THE TASK: Within the records below, find each line with the word "Moore" and copy it out.
━━ GIVEN INFORMATION
(* Let $X$ be an $n$-skeletal simplicial set. Then $\text{St}(X)$ (i.e. its underlying simplicial set) is $(n+1)$-coskeletal.
   Context: A simplicial $T$-complex is a simplicial set with marked ("thin") simplices such that degenerate simplices are thin, every horn $\Lambda^n_k\to X$ has a unique filler with thin top simplex, and if all nondegenerate faces of a horn are thin then its composition (the $k$-th face of that filler) is thin; morphisms are thin-preserving simplicial maps. $\text{St}:\text{sSet}\to\text{sTCom}$ is the left adjoint of the forgetful functor $\text{U}_{\text{St}}$ from simplicial $T$-complexes to simplicial sets. *)

theory Defs
  imports Main
begin

(* A simplicial set, presented by graded carriers with face and degeneracy maps.
   sx X m        : the set of m-simplices
   fc X n i      : the face map d_i : X_(n+1) -> X_n   (i <= n+1)
   dg X n i      : the degeneracy s_i : X_n -> X_(n+1) (i <= n)
   Values of fc/dg outside the carriers are irrelevant. *)
record 'a sset =
  sx :: "nat \<Rightarrow> 'a set"
  fc :: "nat \<Rightarrow> nat \<Rightarrow> 'a \<Rightarrow> 'a"
  dg :: "nat \<Rightarrow> nat \<Rightarrow> 'a \<Rightarrow> 'a"

definition is_sset :: "'a sset \<Rightarrow> bool" where
  "is_sset X \<longleftrightarrow>
     (\<forall>n i x. i \<le> Suc n \<and> x \<in> sx X (Suc n) \<longrightarrow> fc X n i x \<in> sx X n) \<and>
     (\<forall>n i x. i \<le> n \<and> x \<in> sx X n \<longrightarrow> dg X n i x \<in> sx X (Suc n)) \<and>
     \<comment> \<open>d_i d_j = d_(j-1) d_i for i < j\<close>
     (\<forall>n i j x. i < j \<and> j \<le> Suc (Suc n) \<and> x \<in> sx X (Suc (Suc n)) \<longrightarrow>
        fc X n i (fc X (Suc n) j x) = fc X n (j - 1) (fc X (Suc n) i x)) \<and>
     \<comment> \<open>s_i s_j = s_(j+1) s_i for i <= j\<close>
     (\<forall>n i j x. i \<le> j \<and> j \<le> n \<and> x \<in> sx X n \<longrightarrow>
        dg X (Suc n) i (dg X n j x) = dg X (Suc n) (Suc j) (dg X n i x)) \<and>
     \<comment> \<open>d_i s_j = s_(j-1) d_i for i < j\<close>
     (\<forall>n i j x. i < j \<and> j \<le> Suc n \<and> x \<in> sx X (Suc n) \<longrightarrow>
        fc X (Suc n) i (dg X (Suc n) j x) = dg X n (j - 1) (fc X n i x)) \<and>
     \<comment> \<open>d_j s_j = d_(j+1) s_j = id\<close>
     (\<forall>n j x. j \<le> n \<and> x \<in> sx X n \<longrightarrow>
        fc X n j (dg X n j x) = x \<and> fc X n (Suc j) (dg X n j x) = x) \<and>
     \<comment> \<open>d_i s_j = s_j d_(i-1) for i > j+1\<close>
     (\<forall>n i j x. Suc j < i \<and> i \<le> Suc (Suc n) \<and> x \<in> sx X (Suc n) \<longrightarrow>
        fc X (Suc n) i (dg X (Suc n) j x) = dg X n j (fc X n (i - 1) x))"

definition is_smap :: "'a sset \<Rightarrow> 'b sset \<Rightarrow> (nat \<Rightarrow> 'a \<Rightarrow> 'b) \<Rightarrow> bool" where
  "is_smap X Y f \<longleftrightarrow>
     (\<forall>m. \<forall>x\<in>sx X m. f m x \<in> sx Y m) \<and>
     (\<forall>n i x. i \<le> Suc n \<and> x \<in> sx X (Suc n) \<longrightarrow> f n (fc X n i x) = fc Y n i (f (Suc n) x)) \<and>
     (\<forall>n i x. i \<le> n \<and> x \<in> sx X n \<longrightarrow> f (Suc n) (dg X n i x) = dg Y n i (f n x))"

definition degenerate :: "'a sset \<Rightarrow> nat \<Rightarrow> 'a \<Rightarrow> bool" where
  "degenerate X m x \<longleftrightarrow> (\<exists>p i y. m = Suc p \<and> i \<le> p \<and> y \<in> sx X p \<and> x = dg X p i y)"

(* With
   I = {0..n+1} - {k} this is a horn \<Lambda>^(n+1)_k \<rightarrow> X, with I = {0..n+1}
   a map \<partial>\<Delta>^(n+1) \<rightarrow> X.  (For n = 0 there is no compatibility condition.) *)
definition face_family :: "'a sset \<Rightarrow> nat \<Rightarrow> nat set \<Rightarrow> (nat \<Rightarrow> 'a) \<Rightarrow> bool" where
  "face_family X n I y \<longleftrightarrow>
     (\<forall>i\<in>I. y i \<in> sx X n) \<and>
     (0 < n \<longrightarrow> (\<forall>i\<in>I. \<forall>j\<in>I. i < j \<longrightarrow> fc X (n - 1) i (y j) = fc X (n - 1) (j - 1) (y i)))"

definition is_filler :: "'a sset \<Rightarrow> nat \<Rightarrow> nat set \<Rightarrow> (nat \<Rightarrow> 'a) \<Rightarrow> 'a \<Rightarrow> bool" where
  "is_filler X n I y x \<longleftrightarrow> x \<in> sx X (Suc n) \<and> (\<forall>i\<in>I. fc X n i x = y i)"

definition horn_idx :: "nat \<Rightarrow> nat \<Rightarrow> nat set" where
  "horn_idx n k = {0..Suc n} - {k}"

definition skeletal :: "'a sset \<Rightarrow> nat \<Rightarrow> bool" where
  "skeletal X n \<longleftrightarrow> (\<forall>m. n < m \<longrightarrow> (\<forall>x\<in>sx X m. degenerate X m x))"

definition coskeletal :: "'a sset \<Rightarrow> nat \<Rightarrow> bool" where
  "coskeletal X n \<longleftrightarrow>
     (\<forall>m y. n < Suc m \<and> face_family X m {0..Suc m} y \<longrightarrow>
        (\<exists>!x. is_filler X m {0..Suc m} y x))"

definition tcomplex :: "'a sset \<Rightarrow> (nat \<Rightarrow> 'a set) \<Rightarrow> bool" where
  "tcomplex X T \<longleftrightarrow>
     is_sset X \<and>
     (\<forall>m. T m \<subseteq> sx X m) \<and>
     (\<forall>m x. x \<in> sx X m \<and> degenerate X m x \<longrightarrow> x \<in> T m) \<and>
     (\<forall>n k y. k \<le> Suc n \<and> face_family X n (horn_idx n k) y \<longrightarrow>
        (\<exists>!x. x \<in> T (Suc n) \<and> is_filler X n (horn_idx n k) y x)) \<and>
     (\<forall>n k y x. k \<le> Suc n \<and> face_family X n (horn_idx n k) y \<and>
        x \<in> T (Suc n) \<and> is_filler X n (horn_idx n k) y x \<and>
        (\<forall>i\<in>horn_idx n k. \<not> degenerate X n (y i) \<longrightarrow> y i \<in> T n) \<longrightarrow>
        fc X n k x \<in> T n)"

definition is_tmap :: "'a sset \<Rightarrow> (nat \<Rightarrow> 'a set) \<Rightarrow> 'b sset \<Rightarrow> (nat \<Rightarrow> 'b set) \<Rightarrow>
    (nat \<Rightarrow> 'a \<Rightarrow> 'b) \<Rightarrow> bool" where
  "is_tmap X TX Y TY f \<longleftrightarrow> is_smap X Y f \<and> (\<forall>m. \<forall>x\<in>TX m. f m x \<in> TY m)"

(* (S, T) together with the unit \<eta> : X \<rightarrow> U(S,T) is St(X), i.e. \<eta> is universal:
   every simplicial map X \<rightarrow> U(Y) into a T-complex factors uniquely through \<eta>
   by a T-complex morphism.  The universal property is quantified over all
   T-complexes whose simplices live in the same type 'c as those of S. *)
definition is_St :: "'a sset \<Rightarrow> 'c sset \<Rightarrow> (nat \<Rightarrow> 'c set) \<Rightarrow> (nat \<Rightarrow> 'a \<Rightarrow> 'c) \<Rightarrow> bool" where
  "is_St X S T \<eta> \<longleftrightarrow>
     tcomplex S T \<and> is_smap X S \<eta> \<and>
     (\<forall>(Y :: 'c sset) TY f. tcomplex Y TY \<and> is_smap X Y f \<longrightarrow>
        (\<exists>g. is_tmap S T Y TY g \<and> (\<forall>m. \<forall>x\<in>sx X m. g m (\<eta> m x) = f m x) \<and>
             (\<forall>g'. is_tmap S T Y TY g' \<and> (\<forall>m. \<forall>x\<in>sx X m. g' m (\<eta> m x) = f m x) \<longrightarrow>
                   (\<forall>m. \<forall>z\<in>sx S m. g' m z = g m z))))"

end

(*
  Call a simplex of St(X) hereditarily thin if it and all its iterated faces of dimension > n
  are thin. These simplices form a sub-T-complex: degenerate simplices are thin, and the
  missing face of the thin filler of a hereditarily thin horn is thin by the composition
  axiom, while its own faces are faces of the other faces of the horn. As X is n-skeletal,
  the unit X -> St(X) lands in this sub-T-complex, so by the universal property it is all of
  St(X): every simplex of dimension > n is thin. Since thin simplices are determined by any
  horn of their faces, a boundary of dimension m + 1 > n + 1 then has exactly one filler:
  the thin filler of its 0-horn.
*)

theory Submission
  imports Defs
begin

section \<open>Simplicial sets, simplicial maps and T-complexes\<close>

lemma sset_face_in:
  assumes "is_sset X" "i \<le> Suc n" "x \<in> sx X (Suc n)"
  shows "fc X n i x \<in> sx X n"
  using assms unfolding is_sset_def by simp
(* Let $\mu=(d_1,d_2,\dots)$ be a sequence of positive integers and let $\{R_i\mid i\in I\}$ be a collection of $*$-regular subrings of $\mathcal{M}^{alg}_\mu$. Then $\bigcap_{i\in I}R_i$ is also a $*$-regular subring of $\mathcal{M}^{alg}_\mu$.
   Context: A ring is von Neumann regular if every principal right ideal is generated by an idempotent; a $*$-regular ring is a regular ring with involution in which $a^*a=0$ implies $a=0$; a $*$-regular subring is a subring closed under the involution which is itself $*$-regular. Fix a nonprincipal ultrafilter $\omega$ on $\mathbb{N}$. Let $\mathcal{J}$ be the ideal of $\prod_n\mathrm{Mat}_{d_n\times d_n}(\mathbb{C})$ consisting of sequences $(a_n)$ with $\lim_\omega\mathrm{rank}(a_n)/d_n=0$, and $\mathcal{M}^{alg}_\mu=\prod_n\mathrm{Mat}_{d_n\times d_n}(\mathbb{C})/\mathcal{J}$ with involution induced by coordinatewise conjugate transpose. *)

theory Defs
  imports "HOL-Algebra.QuotRing" "HOL-Algebra.Subrings"
    "Jordan_Normal_Form.Schur_Decomposition" "Jordan_Normal_Form.DL_Rank"
begin

definition is_ultrafilter :: "'a filter \<Rightarrow> bool" where
  "is_ultrafilter F \<longleftrightarrow> F \<noteq> bot \<and> (\<forall>P. eventually P F \<or> eventually (\<lambda>x. \<not> P x) F)"

definition nonprincipal :: "'a filter \<Rightarrow> bool" where
  "nonprincipal F \<longleftrightarrow> (\<forall>x. \<not> eventually (\<lambda>y. y = x) F)"

definition mrank :: "complex mat \<Rightarrow> nat" where
  "mrank A = vec_space.rank (dim_row A) A"

definition prod_mat_ring :: "(nat \<Rightarrow> nat) \<Rightarrow> (nat \<Rightarrow> complex mat) ring" where
  "prod_mat_ring d =
     \<lparr>carrier = {a. \<forall>n. a n \<in> carrier_mat (d n) (d n)},
      monoid.mult = (\<lambda>a b n. a n * b n),
      one = (\<lambda>n. 1\<^sub>m (d n)),
      zero = (\<lambda>n. 0\<^sub>m (d n) (d n)),
      add = (\<lambda>a b n. a n + b n)\<rparr>"

definition null_ideal :: "nat filter \<Rightarrow> (nat \<Rightarrow> nat) \<Rightarrow> (nat \<Rightarrow> complex mat) set" where
  "null_ideal \<omega> d = {a \<in> carrier (prod_mat_ring d).
      ((\<lambda>n. real (mrank (a n)) / real (d n)) \<longlongrightarrow> 0) \<omega>}"

definition M_alg :: "nat filter \<Rightarrow> (nat \<Rightarrow> nat) \<Rightarrow> (nat \<Rightarrow> complex mat) set ring" where
  "M_alg \<omega> d = prod_mat_ring d Quot null_ideal \<omega> d"

definition alg_star :: "(nat \<Rightarrow> complex mat) set \<Rightarrow> (nat \<Rightarrow> complex mat) set" where
  "alg_star X = (\<lambda>a n. mat_adjoint (a n)) ` X"

definition vN_regular_sub :: "('a, 'b) ring_scheme \<Rightarrow> 'a set \<Rightarrow> bool" where
  "vN_regular_sub R S \<longleftrightarrow> (\<forall>a\<in>S. \<exists>e\<in>S. e \<otimes>\<^bsub>R\<^esub> e = e \<and>
       {a \<otimes>\<^bsub>R\<^esub> r | r. r \<in> S} = {e \<otimes>\<^bsub>R\<^esub> r | r. r \<in> S})"

definition star_regular_subring :: "nat filter \<Rightarrow> (nat \<Rightarrow> nat) \<Rightarrow> (nat \<Rightarrow> complex mat) set set \<Rightarrow> bool" where
  "star_regular_subring \<omega> d S \<longleftrightarrow>
     subring S (M_alg \<omega> d) \<and>
     (\<forall>x\<in>S. alg_star x \<in> S) \<and>
     vN_regular_sub (M_alg \<omega> d) S \<and>
     (\<forall>x\<in>S. alg_star x \<otimes>\<^bsub>M_alg \<omega> d\<^esub> x = \<zero>\<^bsub>M_alg \<omega> d\<^esub> \<longrightarrow> x = \<zero>\<^bsub>M_alg \<omega> d\<^esub>)"

end

theory Submission
  imports Defs
begin

text \<open>In a \<open>*\<close>-regular ring every element \<open>a\<close> has a Moore--Penrose inverse \<open>x\<close>
  (\<open>a x a = a\<close>, \<open>x a x = x\<close>, with \<open>a x\<close> and \<open>x a\<close> self-adjoint), and in any ring with involution
  such an \<open>x\<close> is unique. So for \<open>a\<close> in the intersection, the Moore--Penrose inverse computed in
  any single \<open>R\<^sub>i\<close> lies in all of them, and the idempotent \<open>a x\<close> generates the principal right
  ideal \<open>a T\<close> of the intersection \<open>T\<close>.\<close>

subsection \<open>Moore--Penrose inverses in rings with involution\<close>

lemma (in ring) vN_regular_sub_imp_inner_inverse:
  assumes "subring S R" "vN_regular_sub R S" "a \<in> S"
  shows "\<exists>x\<in>S. a \<otimes> x \<otimes> a = a"
proof -
  note S = subringE[OF assms(1)]
  obtain e where e: "e \<in> S" "e \<otimes> e = e" "{a \<otimes> r | r. r \<in> S} = {e \<otimes> r | r. r \<in> S}"
    using assms(2,3) unfolding vN_regular_sub_def by blast
  have [simp]: "a \<in> carrier R" "e \<in> carrier R" using assms(3) e(1) S(1) by auto
  have "a \<otimes> \<one> \<in> {a \<otimes> r | r. r \<in> S}" "e \<otimes> \<one> \<in> {e \<otimes> r | r. r \<in> S}"
    using S(3) by blast+
  then have "a \<in> {e \<otimes> r | r. r \<in> S}" "e \<in> {a \<otimes> r | r. r \<in> S}"
    using e(3) by simp_all
  then obtain t x where t: "t \<in> S" "a = e \<otimes> t" and x: "x \<in> S" "e = a \<otimes> x"
    by blast
  have "a \<otimes> x \<otimes> a = e \<otimes> a" by (simp only: x(2))
  also have "\<dots> = e \<otimes> e \<otimes> t" using t S(1) by (simp add: m_assoc subsetD)
  also have "\<dots> = a" using e(2) t(2) by simp
  finally show ?thesis using x(1) by blast
qed

lemma (in ring) vN_regular_subI:
  assumes "subring S R" and inner_inverse: "\<And>a. a \<in> S \<Longrightarrow> \<exists>x\<in>S. a \<otimes> x \<otimes> a = a"
  shows "vN_regular_sub R S"
  unfolding vN_regular_sub_def
proof
  fix a assume a: "a \<in> S"
  note S = subringE[OF assms(1)]
  obtain x where x: "x \<in> S" "a \<otimes> x \<otimes> a = a" using inner_inverse a by blast
  have S_carrier [simp]: "r \<in> S \<Longrightarrow> r \<in> carrier R" for r using S(1) by blast
  have "a \<otimes> x \<otimes> (a \<otimes> x) = a \<otimes> x" using x a by (simp flip: m_assoc)
  moreover have "{a \<otimes> r | r. r \<in> S} = {a \<otimes> x \<otimes> r | r. r \<in> S}"
  proof (intro equalityI subsetI)
    fix z assume "z \<in> {a \<otimes> r | r. r \<in> S}"
    then obtain r where r: "r \<in> S" "z = a \<otimes> r" by blast
    have "z = a \<otimes> x \<otimes> a \<otimes> r" using r(2) x(2) by simp
    also have "\<dots> = a \<otimes> x \<otimes> (a \<otimes> r)" using a x(1) r(1) by (simp add: m_assoc)
    finally show "z \<in> {a \<otimes> x \<otimes> r | r. r \<in> S}" using S(6) a r(1) by blast
  next
    fix z assume "z \<in> {a \<otimes> x \<otimes> r | r. r \<in> S}"
    then obtain r where r: "r \<in> S" "z = a \<otimes> x \<otimes> r" by blast
    then have "z = a \<otimes> (x \<otimes> r)" using a x(1) by (simp add: m_assoc)
    then show "z \<in> {a \<otimes> r | r. r \<in> S}" using S(6) x(1) r(1) by blast
  qed
  ultimately show "\<exists>e\<in>S. e \<otimes> e = e \<and> {a \<otimes> r | r. r \<in> S} = {e \<otimes> r | r. r \<in> S}"
    using S(6) a x(1) by blast
qed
━━━━
ANSWER TO THIS EXERCISE:
text \<open>In a \<open>*\<close>-regular ring every element \<open>a\<close> has a Moore--Penrose inverse \<open>x\<close>
  such an \<open>x\<close> is unique. So for \<open>a\<close> in the intersection, the Moore--Penrose inverse computed in
subsection \<open>Moore--Penrose inverses in rings with involution\<close>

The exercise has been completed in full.